▸ MATERIAL PROVIDED
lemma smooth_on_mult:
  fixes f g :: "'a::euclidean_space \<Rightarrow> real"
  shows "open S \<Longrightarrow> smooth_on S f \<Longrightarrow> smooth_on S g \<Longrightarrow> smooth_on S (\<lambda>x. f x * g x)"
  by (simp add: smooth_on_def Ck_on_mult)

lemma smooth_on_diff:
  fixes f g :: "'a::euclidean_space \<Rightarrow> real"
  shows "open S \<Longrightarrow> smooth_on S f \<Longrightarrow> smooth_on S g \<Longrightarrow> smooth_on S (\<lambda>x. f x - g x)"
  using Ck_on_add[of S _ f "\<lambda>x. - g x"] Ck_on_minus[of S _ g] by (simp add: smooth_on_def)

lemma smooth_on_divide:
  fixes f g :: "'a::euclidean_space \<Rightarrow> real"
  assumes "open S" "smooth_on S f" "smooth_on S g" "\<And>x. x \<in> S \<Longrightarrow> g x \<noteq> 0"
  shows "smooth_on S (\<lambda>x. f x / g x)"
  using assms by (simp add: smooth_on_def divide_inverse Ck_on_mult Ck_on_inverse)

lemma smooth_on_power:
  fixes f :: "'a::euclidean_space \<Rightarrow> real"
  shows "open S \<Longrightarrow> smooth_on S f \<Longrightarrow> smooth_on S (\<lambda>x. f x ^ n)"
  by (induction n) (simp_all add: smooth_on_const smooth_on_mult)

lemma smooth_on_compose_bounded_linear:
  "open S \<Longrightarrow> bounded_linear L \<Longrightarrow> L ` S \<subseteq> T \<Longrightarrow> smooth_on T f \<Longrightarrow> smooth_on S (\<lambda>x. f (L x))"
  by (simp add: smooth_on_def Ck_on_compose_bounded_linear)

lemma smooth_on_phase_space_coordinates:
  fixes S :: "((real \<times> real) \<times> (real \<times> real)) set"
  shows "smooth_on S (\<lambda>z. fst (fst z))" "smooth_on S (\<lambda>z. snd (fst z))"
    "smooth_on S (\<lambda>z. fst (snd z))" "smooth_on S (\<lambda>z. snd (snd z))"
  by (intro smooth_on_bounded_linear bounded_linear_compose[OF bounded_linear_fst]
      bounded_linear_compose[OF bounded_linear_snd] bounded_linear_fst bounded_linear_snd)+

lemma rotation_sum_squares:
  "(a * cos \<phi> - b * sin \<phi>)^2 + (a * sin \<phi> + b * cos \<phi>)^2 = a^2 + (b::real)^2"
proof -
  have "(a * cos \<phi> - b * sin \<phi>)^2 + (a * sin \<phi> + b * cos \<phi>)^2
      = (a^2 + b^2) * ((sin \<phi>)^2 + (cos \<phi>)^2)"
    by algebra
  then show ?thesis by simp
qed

▸ ABOUT THIS EXERCISE
Please show every line of the records that holds the word "lambda".

▸ WORKED SOLUTION
  shows "open S \<Longrightarrow> smooth_on S f \<Longrightarrow> smooth_on S g \<Longrightarrow> smooth_on S (\<lambda>x. f x * g x)"
  shows "open S \<Longrightarrow> smooth_on S f \<Longrightarrow> smooth_on S g \<Longrightarrow> smooth_on S (\<lambda>x. f x - g x)"
  using Ck_on_add[of S _ f "\<lambda>x. - g x"] Ck_on_minus[of S _ g] by (simp add: smooth_on_def)
  shows "smooth_on S (\<lambda>x. f x / g x)"
  shows "open S \<Longrightarrow> smooth_on S f \<Longrightarrow> smooth_on S (\<lambda>x. f x ^ n)"
  "open S \<Longrightarrow> bounded_linear L \<Longrightarrow> L ` S \<subseteq> T \<Longrightarrow> smooth_on T f \<Longrightarrow> smooth_on S (\<lambda>x. f (L x))"
  shows "smooth_on S (\<lambda>z. fst (fst z))" "smooth_on S (\<lambda>z. snd (fst z))"
    "smooth_on S (\<lambda>z. fst (snd z))" "smooth_on S (\<lambda>z. snd (snd z))"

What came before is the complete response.